L’auteur doit sans doute être âgé de moins de 15 ans et être né dans les années ’90, pour en arriver à dire que le phénomène de "beaufisation" (a inscrire dès que possible dans la prochaine édition du Robert) est un phénomène récent. Les quelques exemples pris pour illustrer son propos ne sont que les irruptions les plus récentes d’un phénomène bien ancien... n’en déplaisent aux millénaristes et autres adeptes du fameux adage nostalgique : "ah mon brave Monsieur, les temps ont bien changé. C’était mieux avant !". On connaît bien cette tendance puisque depuis Platon, l’évolution de notre civilisation n’est présentée que comme une longue décadence depuis la disparition du monde parfait des idées. L’Eden, le Shangri-La... ces mythes ne sont pas nouveaux et l’on a toujours fait appel à un passé glorieux pour s’attaquer aux turpitudes du présent. L’auteur nous ressort ainsi une vieille recette sous l’étiquette "cuisine nouvelle".
J’en veux pour preuve de nombreux exemples qui démontreront que "oui les Français sont beaufs, mais ne vous inquiétez pas, ils l’ont toujours été" :
- TV : interville, tournez manège... et autres excellents programmes qui ne dates pas d’hier.
- Cinéma : les bronzés, viens chez mois j’habite chez une copine, la femme de mon copain, marche à l’ombre, les sous-doués, qui présentent tous en leur temps les meilleurs penchants de la culture française.
- Ouvrages : San Antonio, SAS, Bob Morane et d’autres, qui présentent tous une image du monde faite de clichés, d’ethnocentrisme et qui soignent les instincts les plus primaires de nos concitoyens.
- Musique : on aura beau dire ce que l’on veut, mais les années ’80 sont à jeter. Pour le débat présent, je garderais les exemples de Lio, de Elmert Foot Beat et tous ces autres groupes que je ne saurais nommer et qui défendaient une vision machiste et sexiste de la société, et que l’on pouvait écouter à loisir grâce à tous ces beaufs qui tunaient déjà leurs voitures... Et oui, ils n’ont pas attendu la Leon pour cela.

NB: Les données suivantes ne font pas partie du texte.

(* Let $\alpha\in(0,1)$ and $\eta>0$, and run the generalized share algorithm with the projection mixing rule $\hat p_{t+1}\in\arg\min_{x\in\Delta_d^\alpha}\mathcal K(x,v_{t+1})$. Then for all $T\ge1$, all loss vectors $\ell_1,\dots,\ell_T\in[0,1]^d$, and all $u_1,\dots,u_T\in\mathbb R_+^d$, \[ \sum_{t=1}^T\|u_t\|_1\,\hat p_t^\top\ell_t-\sum_{t=1}^T u_t^\top\ell_t\le \frac{\|u_1\|_1\ln d}{\eta}+\frac{m(u_1^T)}{\eta}\ln\frac{d}{\alpha}+\Big(\frac{\eta}{8}+\alpha\Big)\sum_{t=1}^T\|u_t\|_1 . \]
   Context: Let $d\ge1$ and $\Delta_d=\{q\in[0,1]^d:\sum_{i=1}^d q_i=1\}$. The generalized share algorithm with learning rate $\eta>0$ and mixing functions $\psi_t:[0,1]^{td}\to\Delta_d$ ($t\ge2$) works as follows: $\hat p_1=v_1=(1/d,\dots,1/d)$. At each round $t=1,2,\dots$ it predicts $\hat p_t=(\hat p_{1,t},\dots,\hat p_{d,t})\in\Delta_d$, observes a loss vector $\ell_t=(\ell_{1,t},\dots,\ell_{d,t})\in[0,1]^d$ (arbitrary), and suffers loss $\hat p_t^\top\ell_t$. It then forms the pre-weights $v_{j,t+1}=\hat p_{j,t}e^{-\eta\ell_{j,t}}/\sum_{i=1}^d\hat p_{i,t}e^{-\eta\ell_{i,t}}$ for $j=1,\dots,d$, sets $v_{t+1}=(v_{1,t+1},\dots,v_{d,t+1})$, and defines $\hat p_{t+1}=\psi_{t+1}(V_{t+1})$ where $V_{t+1}=[v_{i,s}]_{1\le i\le d,1\le s\le t+1}$ is the $d\times(t+1)$ matrix of all pre-weights so far. Here $\Delta_d^\alpha=[\alpha/d,1]^d\cap\Delta_d$ and $\mathcal K(x,v)=\sum_{i=1}^d x_i\ln(x_i/v_i)$ is the Kullback–Leibler divergence. For $x,y\in\mathbb R_+^d$, $D_{\mathrm{TV}}(x,y)=\sum_{i:\,x_i\ge y_i}(x_i-y_i)$, and for $u_1,\dots,u_T\in\mathbb R_+^d$, $m(u_1^T)=\sum_{t=2}^T D_{\mathrm{TV}}(u_t,u_{t-1})$. *)

theory Defs
  imports Complex_Main
begin

text \<open>Vectors in R^d are represented as functions nat => real; only indices i < d matter.\<close>

definition simplex :: "nat \<Rightarrow> (nat \<Rightarrow> real) set" where
  "simplex d = {x. (\<forall>i<d. 0 \<le> x i \<and> x i \<le> 1) \<and> (\<Sum>i<d. x i) = 1}"

definition simplex_alpha :: "real \<Rightarrow> nat \<Rightarrow> (nat \<Rightarrow> real) set" where
  "simplex_alpha \<alpha> d = {x \<in> simplex d. \<forall>i<d. \<alpha> / real d \<le> x i}"

definition KL :: "nat \<Rightarrow> (nat \<Rightarrow> real) \<Rightarrow> (nat \<Rightarrow> real) \<Rightarrow> real" where
  "KL d x v = (\<Sum>i<d. if x i = 0 then 0 else x i * ln (x i / v i))"

text \<open>Pre-weights v_{t+1} from prediction p_t and loss l_t.\<close>
definition share_update :: "real \<Rightarrow> nat \<Rightarrow> (nat \<Rightarrow> real) \<Rightarrow> (nat \<Rightarrow> real) \<Rightarrow> (nat \<Rightarrow> real)" where
  "share_update \<eta> d p l = (\<lambda>j. p j * exp (- \<eta> * l j) / (\<Sum>i<d. p i * exp (- \<eta> * l i)))"

definition norm1 :: "nat \<Rightarrow> (nat \<Rightarrow> real) \<Rightarrow> real" where
  "norm1 d u = (\<Sum>i<d. \<bar>u i\<bar>)"

definition inner_d :: "nat \<Rightarrow> (nat \<Rightarrow> real) \<Rightarrow> (nat \<Rightarrow> real) \<Rightarrow> real" where
  "inner_d d x y = (\<Sum>i<d. x i * y i)"

definition D_TV :: "nat \<Rightarrow> (nat \<Rightarrow> real) \<Rightarrow> (nat \<Rightarrow> real) \<Rightarrow> real" where
  "D_TV d x y = (\<Sum>i\<in>{i. i < d \<and> y i \<le> x i}. x i - y i)"

definition path_m :: "nat \<Rightarrow> (nat \<Rightarrow> nat \<Rightarrow> real) \<Rightarrow> nat \<Rightarrow> real" where
  "path_m d u T = (\<Sum>t=2..T. D_TV d (u t) (u (t - 1)))"

end

theory Submission
  imports Defs "HOL-Probability.Hoeffding"
begin

(* The comparator u_t is replaced by its mixture ua_t = (1-alpha) u_t + alpha |u_t|_1 / d
   with the uniform vector, and the analysis tracks the "log scores" sum_i ua_t(i) ln w(i)
   of ua_t against the prediction p_t, the pre-weight v_{t+1} and the next prediction p_{t+1}.
   Three one-round facts drive the proof:
   (1) exponential-weights step: by Hoeffding's lemma, the gain in log score from p_t to
       v_{t+1} pays for the regret of round t up to |u_t|_1 (eta/8 + alpha);
   (2) projection step: p_{t+1} is the KL projection of v_{t+1} onto the convex set
       Delta_d^alpha, and ua_t / |u_t|_1 lies in that set, so by the generalized Pythagorean
       inequality the log score can only increase from v_{t+1} to p_{t+1};
   (3) comparator-shift step: since ln(1/p_t(i)) lies in [0, ln(d/alpha)], switching the
       comparator from ua_{t-1} to ua_t costs at most D_TV(u_t,u_{t-1}) ln(d/alpha). *)


lemma exp_neg_below_chord:
  fixes \<eta> x :: real
  assumes "0 \<le> x" "x \<le> 1"
  shows "exp (-\<eta> * x) \<le> (1 - x) + x * exp (-\<eta>)"
proof -
  have "exp ((1 - x) *\<^sub>R 0 + x *\<^sub>R (-\<eta>)) \<le> (1 - x) * exp 0 + x * exp (-\<eta>)"
    by (rule convex_onD[OF exp_convex]) (use assms in auto)
  then show ?thesis by (simp add: mult.commute)
qed

lemma log_normalizer_hoeffding:
  fixes p l :: "nat \<Rightarrow> real"
  assumes p: "p \<in> Defs.simplex d" and l: "\<forall>i<d. 0 \<le> l i \<and> l i \<le> 1" and \<eta>: "\<eta> > 0"
  shows "ln (\<Sum>i<d. p i * exp (-\<eta> * l i)) \<le> -\<eta> * inner_d d p l + \<eta>^2 / 8"
proof -
  define m where "m = inner_d d p l"
  define Z where "Z = (\<Sum>i<d. p i * exp (-\<eta> * l i))"
  have p0: "\<forall>i<d. 0 \<le> p i" and p1: "(\<Sum>i<d. p i) = 1" using p by (auto simp: Defs.simplex_def)
  have "m \<le> (\<Sum>i<d. p i)"
    unfolding m_def inner_d_def using p0 l by (intro sum_mono) (auto intro: mult_left_le)
  hence m1: "m \<le> 1" using p1 by simp
  have "Z \<le> (\<Sum>i<d. p i * ((1 - l i) + l i * exp (-\<eta>)))"
    unfolding Z_def using p0 l by (intro sum_mono mult_left_mono exp_neg_below_chord) auto
  also have "\<dots> = (\<Sum>i<d. p i) - m + m * exp (-\<eta>)"
    by (simp add: m_def inner_d_def algebra_simps sum.distrib sum_subtractf sum_distrib_left)
  also have "\<dots> = exp (-\<eta>) * (1 + (1 - m) * (exp \<eta> - 1))"
    using p1 by (simp add: algebra_simps exp_minus field_simps)
  finally have Z_le: "Z \<le> exp (-\<eta>) * (1 + (1 - m) * (exp \<eta> - 1))" .
  have "exp (-\<eta>) = (\<Sum>i<d. p i * exp (-\<eta>))" using p1 by (simp add: sum_distrib_right[symmetric])
  also have "\<dots> \<le> Z" unfolding Z_def using p0 l \<eta> by (intro sum_mono mult_left_mono) auto
  finally have Z_pos: "0 < Z" using exp_gt_zero less_le_trans by blast
  have mix_pos: "0 < 1 + (1 - m) * (exp \<eta> - 1)" using m1 \<eta> by (intro add_pos_nonneg) auto
  have "ln Z \<le> ln (exp (-\<eta>) * (1 + (1 - m) * (exp \<eta> - 1)))" using Z_le Z_pos by simp
  also have "\<dots> = -\<eta> + ln (1 + (1 - m) * (exp \<eta> - 1))"
    using mix_pos by (simp add: ln_mult)
  also have "\<dots> \<le> -\<eta> + (\<eta> * (1 - m) + \<eta>^2 / 8)"
    using Hoeffdings_lemma_aux[of \<eta> "1 - m"] \<eta> m1 by simp
  finally show ?thesis by (simp add: Z_def m_def algebra_simps)
qed


context
  fixes \<eta> :: real and d :: nat and p l :: "nat \<Rightarrow> real"
  assumes p_pos: "\<forall>i<d. 0 < p i" and p_sum: "(\<Sum>i<d. p i) = 1"
begin

private definition normalizer :: real where
  "normalizer = (\<Sum>i<d. p i * exp (- \<eta> * l i))"

private lemma normalizer_pos: "0 < normalizer"
proof -
  have "d \<noteq> 0" using p_sum by (cases "d = 0") auto
  then show ?thesis unfolding normalizer_def using p_pos by (intro sum_pos) auto
qed

private lemma share_update_eq: "share_update \<eta> d p l i = p i * exp (- \<eta> * l i) / normalizer"
  by (simp add: share_update_def normalizer_def)

lemma share_update_pos: "i < d \<Longrightarrow> 0 < share_update \<eta> d p l i"
  using p_pos normalizer_pos by (simp add: share_update_eq)

lemma share_update_sum: "(\<Sum>i<d. share_update \<eta> d p l i) = 1"
  using normalizer_pos unfolding normalizer_def
  by (simp add: share_update_def sum_divide_distrib[symmetric])

lemma share_update_le_one: "i < d \<Longrightarrow> share_update \<eta> d p l i \<le> 1"
  using member_le_sum[of i "{..<d}" "share_update \<eta> d p l"] share_update_pos share_update_sum
  by (auto intro: less_imp_le)

lemma ln_share_update:
  "i < d \<Longrightarrow> ln (share_update \<eta> d p l i) = ln (p i) - \<eta> * l i - ln (\<Sum>j<d. p j * exp (- \<eta> * l j))"
  using p_pos normalizer_pos by (auto simp: share_update_eq ln_div ln_mult normalizer_def)

end


section \<open>Mixing the comparator with the uniform vector\<close>

text \<open>The comparator u is replaced by (1-alpha) u + alpha |u|_1 / d; its normalization lies in
  the restricted simplex, which is what makes the projection step applicable.\<close>
definition mix_uniform :: "real \<Rightarrow> nat \<Rightarrow> (nat \<Rightarrow> real) \<Rightarrow> nat \<Rightarrow> real" where
  "mix_uniform \<alpha> d u = (\<lambda>i. (1 - \<alpha>) * u i + \<alpha> * (\<Sum>j<d. u j) / real d)"

definition log_score :: "nat \<Rightarrow> (nat \<Rightarrow> real) \<Rightarrow> (nat \<Rightarrow> real) \<Rightarrow> real" where
  "log_score d x w = (\<Sum>i<d. x i * ln (w i))"

lemma mix_uniform_sum:
  assumes "d \<ge> 1"
  shows "(\<Sum>i<d. mix_uniform \<alpha> d u i) = (\<Sum>i<d. u i)"
proof -
  have "(\<Sum>i<d. mix_uniform \<alpha> d u i) = (1 - \<alpha>) * (\<Sum>i<d. u i) + real d * (\<alpha> * (\<Sum>i<d. u i) / real d)"
    by (simp add: mix_uniform_def sum.distrib sum_distrib_left[symmetric])
  then show ?thesis using assms by (simp add: algebra_simps)
qed

lemma mix_uniform_nonneg:
  assumes "0 \<le> \<alpha>" "\<alpha> \<le> 1" "\<forall>i<d. 0 \<le> u i" "i < d"
  shows "0 \<le> mix_uniform \<alpha> d u i"
proof -
  have "0 \<le> (\<Sum>j<d. u j)" using assms(3) by (intro sum_nonneg) auto
  then show ?thesis using assms unfolding mix_uniform_def by auto
qed

lemma mix_uniform_normalized_in_simplex_alpha:
  assumes d: "d \<ge> 1" and \<alpha>: "0 < \<alpha>" "\<alpha> \<le> 1"
    and u: "\<forall>i<d. 0 \<le> u i" and N: "0 < (\<Sum>j<d. u j)"
  shows "(\<lambda>i. mix_uniform \<alpha> d u i / (\<Sum>j<d. u j)) \<in> simplex_alpha \<alpha> d"
proof -
  define x where "x = (\<lambda>i. mix_uniform \<alpha> d u i / (\<Sum>j<d. u j))"
  have ad: "0 < \<alpha> / real d" using d \<alpha> by simp
  have low: "\<alpha> / real d \<le> x i" if "i < d" for i
  proof -
    have "x i = (1 - \<alpha>) * u i / (\<Sum>j<d. u j) + \<alpha> / real d"
      using N by (simp add: x_def mix_uniform_def add_divide_distrib)
    moreover have "0 \<le> (1 - \<alpha>) * u i / (\<Sum>j<d. u j)" using u that \<alpha> N by auto
    ultimately show ?thesis by simp
  qed
  have sum: "(\<Sum>i<d. x i) = 1"
    using N by (simp add: x_def sum_divide_distrib[symmetric] mix_uniform_sum[OF d])
  have "x i \<le> 1" if "i < d" for i
    using member_le_sum[of i "{..<d}" x] low ad sum that by (force intro: order_trans[of 0 "\<alpha> / real d"])
  then show ?thesis
    using low sum ad unfolding x_def[symmetric] simplex_alpha_def Defs.simplex_def
    by (auto intro: order_trans[of 0 "\<alpha> / real d"])
qed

Bref, il ne faut pas s’étonner que les médias en général ciblent le commun des mortels : le but n’étant pas d’éduquer la société, mais de faire du profit. Et ça marche. Et de tous temps en a été ainsi, puisque les plaisirs du peuple ont toujours été décriés par ceux qui se voulaient membres de l’élite. Toutefois, avant de monter sur ses grands chevaux et de faire preuve de la même mesquinerie, de la même étroitesse d’esprit dont font preuve les soi-disant intellectuels qui se croient toujours au-dessus de la plèbe, rappelons que la culture populaire a également été la source de très belles oeuvres : les romanciers de la fin du 19e s’en sont inspiré (Balzac, Zola, Maupassant), Renoir en a fait des films considérés aujourd’hui comme des classiques, et que dire des photos de Doisneau...

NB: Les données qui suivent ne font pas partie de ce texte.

text \<open>Since \<open>chi k\<close> has derivative \<open>s powr (1/k)\<close>, for \<open>a > 0\<close> the convex function
  \<open>s \<mapsto> chi k s - s + a * s\<close> on \<open>[0, \<infinity>)\<close> is minimal at \<open>t = (max 0 (1 - a)) powr k\<close>. Taking
  \<open>a = c x * sqrt (1 + |v|^2)\<close>, the profile \<open>fh x v = (max 0 (1 - c x * sqrt (1 + |v|^2))) powr k\<close>
  is bounded by 1, and \<open>c x\<close> can be chosen measurably and rotation invariantly so that
  \<open>rho fh x = rho f x\<close>, because the density of the profile decreases continuously in \<open>c\<close> from
  a value at least 1 to 0. Equal \<open>rho\<close> gives equal masses, hence equal \<open>lambda\<close> and membership in
  the admissible set. Integrating the pointwise inequality against \<open>e^lambda\<close>, the terms
  \<open>a * fh\<close> and \<open>a * f\<close> both integrate to the finite quantity \<open>\<integral> e^lambda c rho_f\<close> and cancel,
  which leaves \<open>D(fh) \<le> D(f)\<close>.\<close>

section \<open>Lebesgue measure on products and under orthogonal maps\<close>

lemma measurable_completion_AE:
  assumes g: "g \<in> M \<rightarrow>\<^sub>M N" and ae: "AE x in M. f x = g x"
    and space: "\<And>x. x \<in> space M \<Longrightarrow> f x \<in> space N"
  shows "f \<in> completion M \<rightarrow>\<^sub>M N"
proof (rule measurableI)
  show "x \<in> space (completion M) \<Longrightarrow> f x \<in> space N" for x
    using space by simp
  fix A assume A: "A \<in> sets N"
  show "f -` A \<inter> space (completion M) \<in> sets (completion M)"
  proof (rule completion.in_sets_AE[where A = "g -` A \<inter> space M"])
    show "AE x in completion M. (x \<in> g -` A \<inter> space M) = (x \<in> f -` A \<inter> space (completion M))"
      using AE_completion[OF ae] by (rule AE_mp) (auto intro!: AE_I2)
    show "g -` A \<inter> space M \<in> sets (completion M)"
      using measurable_sets[OF g A] by simp
  qed auto
qed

Finalement, il y a toujours un beauf en nous, qui rit en regardant certaines comédies comme les Bronzés ou les Chti’s, qui ne crâche pas sur un peu de gastronomie locale de temps en temps, qui aime lire son journal à la terrasse d’un café, etc... Ceux qui oseraient nier cela ne seraient que des hypocrites essayant de pêter plus haut que leur cul. Mais c’est typique des français ça, non ? Si c’est populaire, alors c’est qu’il y a quelque chose qui clôche : car il est bien connu que rien ne vaut un bon film suédois ou français pendant lequel il ne se passe rien pendant deux heures, où les acteurs sont déplorables... Mais c’est de l’art n’est-ce pas ?
Enfin, avant de nous moquer de tous ces beaufs, souvenons-nous que tout est une question d’éducation et de milieu social. Eh oui, tout le monde n’a pas la chance d’avoir des parents riches ou intellos, ou de partir en vacances à l’étranger pour s’ouvrir l’esprit, ou de faire de longues études, etc. Et pourtant il existe même des beaufs parmi ceux qui ont eu cette chance, alors... Comment ne pas excuser les autres ?
Pour finir, je dirais que comme toujours, chacun pense avoir suffisamment d’intelligence pour que celle-ci soit infaillible. Mais, j’aurais envie de dire de regarder d’abord la poutre qu’il y a dans son oeil... Avant de critiquer la société dans son ensemble, exercice facile, n’imposant guère d’effort et très apprécié des Français, souvenons-nous que nous sommes tous une partie de cette société. Elle nous influence mais nous l’influençons également. Alors, messieurs les critiques, soyez constructifs : "ne vous demandez pas ce que votre pays de beauf peut faire pour vous, mais plutôt ce que vous pouvez faire pour lui".